--- Entries shown ---

theorem theorem1:
  fixes A :: "real set"
  assumes "finite A" and "A \<noteq> {}" and "\<forall>x\<in>A. x > 0"
  shows "real (card (sum_ratio_set A)) \<ge> 2 * real (card A) ^ 2 - 1"
proof -
  have "2 * card (A \<times> A) + 1
      \<le> card (sum_ratio_set A) + card (min_line (A \<times> A)) + card (max_line (A \<times> A))"
    using card_sum_slopes_lower_bound[of "A \<times> A"] sum_slopes_square assms by auto
  then have "2 * (card A * card A) \<le> card (sum_ratio_set A) + 1"
    using card_min_line_square[OF assms] card_max_line_square[OF assms]
    by (simp add: card_cartesian_product)
  then have "real (2 * (card A * card A)) \<le> real (card (sum_ratio_set A) + 1)"
    by (simp only: of_nat_le_iff)
  then show ?thesis
    by (simp add: power2_eq_square)
qed

end
(* If $X$ is a metric space with weak hyperbolic property C, then $X$ has Yu's property A.
   Context: For $R>0$, a family $\mathcal U$ of nonempty subsets of a metric space is $R$-disjoint if $d(A,B)>R$ for all distinct $A,B\in\mathcal U$, where $d(A,B)=\inf\{d(a,b):a\in A,b\in B\}$. $B_r(x)$ denotes the open ball of radius $r$ about $x$. A subset $U\subset X$ is $(N,R)$-large scale doubling if for every $x\in X$ and every $r\ge R$, $B_{2r}(x)\cap U$ can be covered by $N$ balls of radius $r$ with centers in $X$. A family $\mathcal U$ of subsets of $X$ is weakly uniformly large scale doubling if there is $(N,R)$ such that each $U\in\mathcal U$ is $(N,R)$-large scale doubling. $X$ has weak hyperbolic property C if for every sequence $R_0,R_1,\dots$ of positive reals there exist $n\ge0$ and $R_i$-disjoint families $\mathcal U_i$ ($i=0,\dots,n$) such that $\bigcup_{i=0}^n\mathcal U_i$ is a weakly uniformly large scale doubling cover of $X$. Property A is Yu's coarse amenability property: for a (discrete) metric space $X$, for every $R>0$ and $\varepsilon>0$ there exist $S>0$ and a family $\{A_x\}_{x\in X}$ of finite nonempty subsets of $X\times\mathbb N$ such that $(x,1)\in A_x$ and $A_x\subset B_S(x)\times\mathbb N$ for all $x$, and $|A_x\triangle A_y|/|A_x\cap A_y|<\varepsilon$ whenever $d(x,y)<R$. *)

theory Defs
  imports "HOL-Analysis.Analysis"
begin
(* Let $\varepsilon>0$, $\alpha=\varepsilon/(2M)$, $\eta=\alpha/(L+\alpha)$, and $z_0\in\mathrm{dom}\, f^*$. Run GCG: for $k\ge0$, $\bar z_k=\mathrm{argmin}_{v\in\mathbb{R}^n}\{\langle-\nabla(h^\alpha)^*(-z_k),v\rangle+f^*(v)\}$ and $z_{k+1}=\eta\bar z_k+(1-\eta)z_k$. Let $\Gamma_k^*(v)=(h^\alpha)^*(-z_k)+\langle-\nabla(h^\alpha)^*(-z_k),v-z_k\rangle+f^*(v)$ be the single-cutting-plane model of the dual problem induced by $z_k$. Then the pair $(z_k,\Gamma_k^* )$ is an $\varepsilon$-certificate, i.e., $\psi^\alpha(z_k)-\min_{v\in\mathbb{R}^n}\Gamma_k^*(v)\le\varepsilon/2$, after $k=\tilde{\mathcal{O}}(1+ML\varepsilon^{-1})$ iterations.
   Context: Let $\|\cdot\|$ be a norm on $\mathbb{R}^n$ with dual norm $\|\cdot\|_*$. Let $f:\mathbb{R}^n\to\mathbb{R}$ be convex, differentiable and $L$-smooth ($L>0$) with respect to $\|\cdot\|$, $h:\mathbb{R}^n\to(-\infty,\infty]$ closed proper convex with bounded domain, and $w:\mathbb{R}^n\to[0,+\infty]$ closed, $1$-strongly convex with respect to $\|\cdot\|$ on $\mathrm{dom}\, h$, with $M:=\max_{x\in\mathrm{dom}\, h}w(x)<\infty$. Let $h^\alpha=h+\alpha w$ and $\psi^\alpha(z)=(h^\alpha)^*(-z)+f^*(z)$, where $^*$ denotes convex conjugate ($(h^\alpha)^*$ is differentiable with $(1/\alpha)$-Lipschitz gradient, $f^*$ is $(1/L)$-strongly convex w.r.t. $\|\cdot\|_*$). The dual problem is $\min_z\psi^\alpha(z)$, and it is Fenchel dual to $\min_x f(x)+h^\alpha(x)$; a dual $\varepsilon$-certificate (with $\alpha\le\varepsilon/(2M)$) is a pair $(z,\Gamma^* )$ with $\psi^\alpha(z)-\min\Gamma^*\le\varepsilon/2$. The notation $\tilde{\mathcal{O}}$ hides logarithmic factors (in $\varepsilon$ and initial gaps). *)

theory Defs
  imports "HOL-Analysis.Analysis"
begin

definition is_norm :: "(real^'n \<Rightarrow> real) \<Rightarrow> bool" where
  "is_norm N \<longleftrightarrow> (\<forall>x. 0 \<le> N x) \<and> (\<forall>x. N x = 0 \<longleftrightarrow> x = 0)
     \<and> (\<forall>c x. N (c *\<^sub>R x) = \<bar>c\<bar> * N x) \<and> (\<forall>x y. N (x + y) \<le> N x + N y)"

definition dual_norm :: "(real^'n \<Rightarrow> real) \<Rightarrow> real^'n \<Rightarrow> real" where
  "dual_norm N y = Sup {y \<bullet> x | x. N x \<le> 1}"

definition edom :: "(real^'n \<Rightarrow> ereal) \<Rightarrow> (real^'n) set" where
  "edom F = {x. F x < \<infinity>}"

definition conj :: "(real^'n \<Rightarrow> ereal) \<Rightarrow> real^'n \<Rightarrow> ereal" where
  "conj F y = (SUP x. ereal (y \<bullet> x) - F x)"

definition epi :: "(real^'n \<Rightarrow> ereal) \<Rightarrow> ((real^'n) \<times> real) set" where
  "epi F = {(x, t). F x \<le> ereal t}"

definition econvex :: "(real^'n \<Rightarrow> ereal) \<Rightarrow> bool" where
  "econvex F \<longleftrightarrow> convex (epi F)"

definition eclosed :: "(real^'n \<Rightarrow> ereal) \<Rightarrow> bool" where
  "eclosed F \<longleftrightarrow> closed (epi F)"

definition eproper :: "(real^'n \<Rightarrow> ereal) \<Rightarrow> bool" where
  "eproper F \<longleftrightarrow> (\<forall>x. F x \<noteq> -\<infinity>) \<and> (\<exists>x. F x < \<infinity>)"

definition grad :: "(real^'n \<Rightarrow> real) \<Rightarrow> real^'n \<Rightarrow> real^'n" where
  "grad F x = (SOME g. (F has_derivative (\<lambda>d. g \<bullet> d)) (at x))"

definition strongly_convex_on :: "(real^'n \<Rightarrow> real) \<Rightarrow> real \<Rightarrow> (real^'n) set \<Rightarrow> (real^'n \<Rightarrow> ereal) \<Rightarrow> bool" where
  "strongly_convex_on N \<mu> S F \<longleftrightarrow> convex S \<and>
     (\<forall>x\<in>S. \<forall>y\<in>S. \<forall>t::real. 0 \<le> t \<and> t \<le> 1 \<longrightarrow>
        F (t *\<^sub>R x + (1 - t) *\<^sub>R y) \<le>
          ereal t * F x + ereal (1 - t) * F y - ereal (\<mu> / 2 * t * (1 - t) * (N (x - y))\<^sup>2))"

end

theory Submission
  imports Defs
begin

(* The dual objective is psi = Phi + F with Phi v = (h^alpha)^*(-v) and F = f^*.
   Strong convexity of w makes (h^alpha)^* differentiable with (1/alpha)-Lipschitz gradient
   (the gradient is the maximiser in the definition of the conjugate), and L-smoothness of f
   makes f^* (1/L)-strongly convex, both with respect to the dual norm.  For the step
   eta = alpha / (L + alpha) these two curvature bounds balance, so one GCG step decreases psi
   by eta times the gap psi(z_k) - min Gamma_k, and this gap dominates psi(z_k) - min psi.
   Hence the gap contracts geometrically with ratio 1 - eta = 1 - 1 / (1 + 2ML/epsilon). *)

section \<open>Norms on R^n and their duals\<close>

locale general_norm =
  fixes N :: "real^'n \<Rightarrow> real"
  assumes is_norm: "is_norm N"
begin

lemma nonneg: "0 \<le> N x"
  and eq_0_iff: "N x = 0 \<longleftrightarrow> x = 0"
  and scaleR: "N (c *\<^sub>R x) = \<bar>c\<bar> * N x"
  and triangle: "N (x + y) \<le> N x + N y"
  using is_norm unfolding is_norm_def by blast+

lemma zero [simp]: "N 0 = 0"
  using eq_0_iff by blast

lemma minus: "N (- x) = N x"
  using scaleR[of "-1" x] by simp

lemma commute: "N (x - y) = N (y - x)"
  using minus[of "x - y"] by simp

lemma sum_le: "N (\<Sum>i\<in>S. g i) \<le> (\<Sum>i\<in>S. N (g i))"
proof (induction S rule: infinite_finite_induct)
  case (insert a S)
  then show ?case using triangle[of "g a" "sum g S"] by simp
qed simp_all

lemma le_norm: "\<exists>K>0. \<forall>x. N x \<le> K * norm x"
proof (intro exI conjI allI)
  let ?K = "1 + (\<Sum>b\<in>Basis. N b)"
  show "?K > 0" by (simp add: add_pos_nonneg sum_nonneg nonneg)
  fix x :: "real^'n"
  have "N x = N (\<Sum>b\<in>Basis. (x \<bullet> b) *\<^sub>R b)" by (simp add: euclidean_representation)
  also have "\<dots> \<le> (\<Sum>b\<in>Basis. \<bar>x \<bullet> b\<bar> * N b)"
    using sum_le[of "\<lambda>b. (x \<bullet> b) *\<^sub>R b" Basis] by (simp add: scaleR)
  also have "\<dots> \<le> (\<Sum>b\<in>Basis. norm x * N b)"
    by (intro sum_mono mult_right_mono) (auto simp: Basis_le_norm nonneg)
  also have "\<dots> \<le> ?K * norm x" by (simp add: sum_distrib_left algebra_simps)
  finally show "N x \<le> ?K * norm x" .
qed
lemma durfee_identity_finite:
  assumes "norm q < 1"
  shows "(\<Sum>m\<le>s. q ^ (m * (m + p)) / (qpoch q q (s - m) * qpoch q q m * qpoch q q (m + p)))
       = 1 / (qpoch q q s * qpoch q q (s + p))"
proof -
  have summand: "q ^ (m * (m + p)) / (qpoch q q (s - m) * qpoch q q m * qpoch q q (m + p))
      = q ^ (m * (m + p)) * qbinomial q s m * qpoch (q ^ (m + p + 1)) q (s - m)
        / (qpoch q q s * qpoch q q (s + p))" if "m \<le> s" for m
  proof -
    have "qpoch q q (s + p) = qpoch q q (m + p + (s - m))"
      using that by (simp add: ac_simps)
    also have "\<dots> = qpoch q q (m + p) * qpoch (q ^ (m + p + 1)) q (s - m)"
      by (simp add: qpoch_add)
    finally have "qpoch (q ^ (m + p + 1)) q (s - m) = qpoch q q (s + p) / qpoch q q (m + p)"
      using qpoch_nonzero[OF assms] by (simp add: field_simps)
    then show ?thesis
      using qpoch_nonzero[OF assms]
      by (simp add: qbinomial_eq_qpoch_quotient[OF assms that] field_simps)
  qed
  show ?thesis
    using qbinomial_durfee_sum[where q = q and s = s and p = p]
    by (simp add: summand sum_divide_distrib[symmetric])
qed

theorem durfee_identity:
  assumes q: "norm q < 1"
  shows "((\<lambda>m. q ^ (m * (m + p)) / (qpoch q q m * qpoch q q (m + p))) has_sum (1 / qpoch_inf q q)) UNIV"
proof -
  define P where "P = qpoch q q"
  define L where "L = qpoch_inf q q"
  have P: "P n \<noteq> 0" for n
    unfolding P_def by (rule qpoch_nonzero[OF q])
  have L: "L \<noteq> 0"
    unfolding L_def by (rule qpoch_inf_nonzero[OF q])
  obtain K where K: "K \<ge> 0" "\<And>i j k. norm (inverse (P i * P j * P k)) \<le> K"
    unfolding P_def using inverse_qpoch_prod3_bounded[OF q] by blast
  define a where "a m s = (if m \<le> s then q ^ (m * (m + p)) / (P (s - m) * P m * P (m + p)) else 0)" for m s
  define b where "b m = q ^ (m * (m + p)) / (L * P m * P (m + p))" for m
  have "(b has_sum (1 / (L * L))) UNIV"
  proof (rule tannery_has_sum)
    show "(\<lambda>s. a m s) \<longlonglongrightarrow> b m" for m
    proof (rule Lim_transform_eventually)
      show "(\<lambda>s. q ^ (m * (m + p)) / (P (s - m) * P m * P (m + p))) \<longlonglongrightarrow> b m"
        unfolding b_def P_def L_def using L P
        by (intro tendsto_intros qpoch_tendsto[OF q] filterlim_minus_const_nat_at_top)
          (simp_all add: L_def P_def)
      show "\<forall>\<^sub>F s in sequentially. q ^ (m * (m + p)) / (P (s - m) * P m * P (m + p)) = a m s"
        using eventually_ge_at_top[of m] by eventually_elim (simp add: a_def)
    qed
    show "norm (a m s) \<le> K * norm q ^ (m * m)" for m s
    proof -
      have "norm (q ^ (m * (m + p))) \<le> norm q ^ (m * m)"
        using q by (simp add: norm_power power_decreasing)
      then have "norm (inverse (P (s - m) * P m * P (m + p))) * norm (q ^ (m * (m + p)))
          \<le> K * norm q ^ (m * m)"
        using K by (intro mult_mono) auto
      then show ?thesis
        using K by (simp add: a_def divide_inverse norm_mult mult.commute)
    qed
    show "(\<lambda>m. K * norm q ^ (m * m)) summable_on UNIV"
      using summable_power_mult_power_square[of "norm q" 1] q K
      by (subst summable_on_UNIV_nonneg_real_iff) (auto intro: summable_mult)
    show "((\<lambda>m. a m s) has_sum (1 / (P s * P (s + p)))) UNIV" for s
      using durfee_identity_finite[OF q, where s = s and p = p]
      by (intro has_sum_finite_neutralI[where B = "{..s}"]) (auto simp: a_def P_def)
    show "(\<lambda>s. 1 / (P s * P (s + p))) \<longlonglongrightarrow> 1 / (L * L)"
      unfolding P_def L_def using L
      by (intro tendsto_intros qpoch_tendsto[OF q] filterlim_add_const_nat_at_top filterlim_ident)
        (simp add: L_def)
  qed auto
  then have "((\<lambda>m. L * b m) has_sum (L * (1 / (L * L)))) UNIV"
    by (rule has_sum_cmult_right)
  then show ?thesis
    using L by (simp add: b_def P_def L_def)
qed
lemma abs_smax_deriv_le:
  assumes N: "N \<ge> 1" and x: "\<And>j. j \<in> {1..N} \<Longrightarrow> \<bar>x j\<bar> \<le> a"
  shows "\<bar>smax_deriv N lam s x\<bar> \<le> a"
proof -
  have "\<bar>\<Sum>j=1..N. sinh (lam * s j) * x j\<bar> \<le> (\<Sum>j=1..N. \<bar>sinh (lam * s j)\<bar> * \<bar>x j\<bar>)"
    using sum_abs[of "\<lambda>j. sinh (lam * s j) * x j" "{1..N}"] by (simp add: abs_mult)
  also have "\<dots> \<le> (\<Sum>j=1..N. cosh (lam * s j) * a)"
  proof (rule sum_mono)
    fix j assume "j \<in> {1..N}"
    moreover have "\<bar>sinh (lam * s j)\<bar> \<le> cosh (lam * s j)"
      using sinh_le_cosh_real[of "lam * s j"] sinh_le_cosh_real[of "- (lam * s j)"] by auto
    ultimately show "\<bar>sinh (lam * s j)\<bar> * \<bar>x j\<bar> \<le> cosh (lam * s j) * a"
      using x by (intro mult_mono) auto
  qed
  also have "\<dots> = a * cosh_sum N lam s" by (simp add: cosh_sum_def sum_distrib_left mult.commute)
  finally have "\<bar>\<Sum>j=1..N. sinh (lam * s j) * x j\<bar> \<le> a * cosh_sum N lam s" .
  moreover have C: "cosh_sum N lam s > 0" by (rule cosh_sum_pos[OF N])
  ultimately show ?thesis by (simp add: smax_deriv_def abs_divide pos_divide_le_eq)
qed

---

Task details
The answer should consist only of the lines from the one containing "j\<bar> \<le> a *" through the last line of the data, given again exactly.

Exercise response
  finally have "\<bar>\<Sum>j=1..N. sinh (lam * s j) * x j\<bar> \<le> a * cosh_sum N lam s" .
  moreover have C: "cosh_sum N lam s > 0" by (rule cosh_sum_pos[OF N])
  ultimately show ?thesis by (simp add: smax_deriv_def abs_divide pos_divide_le_eq)
qed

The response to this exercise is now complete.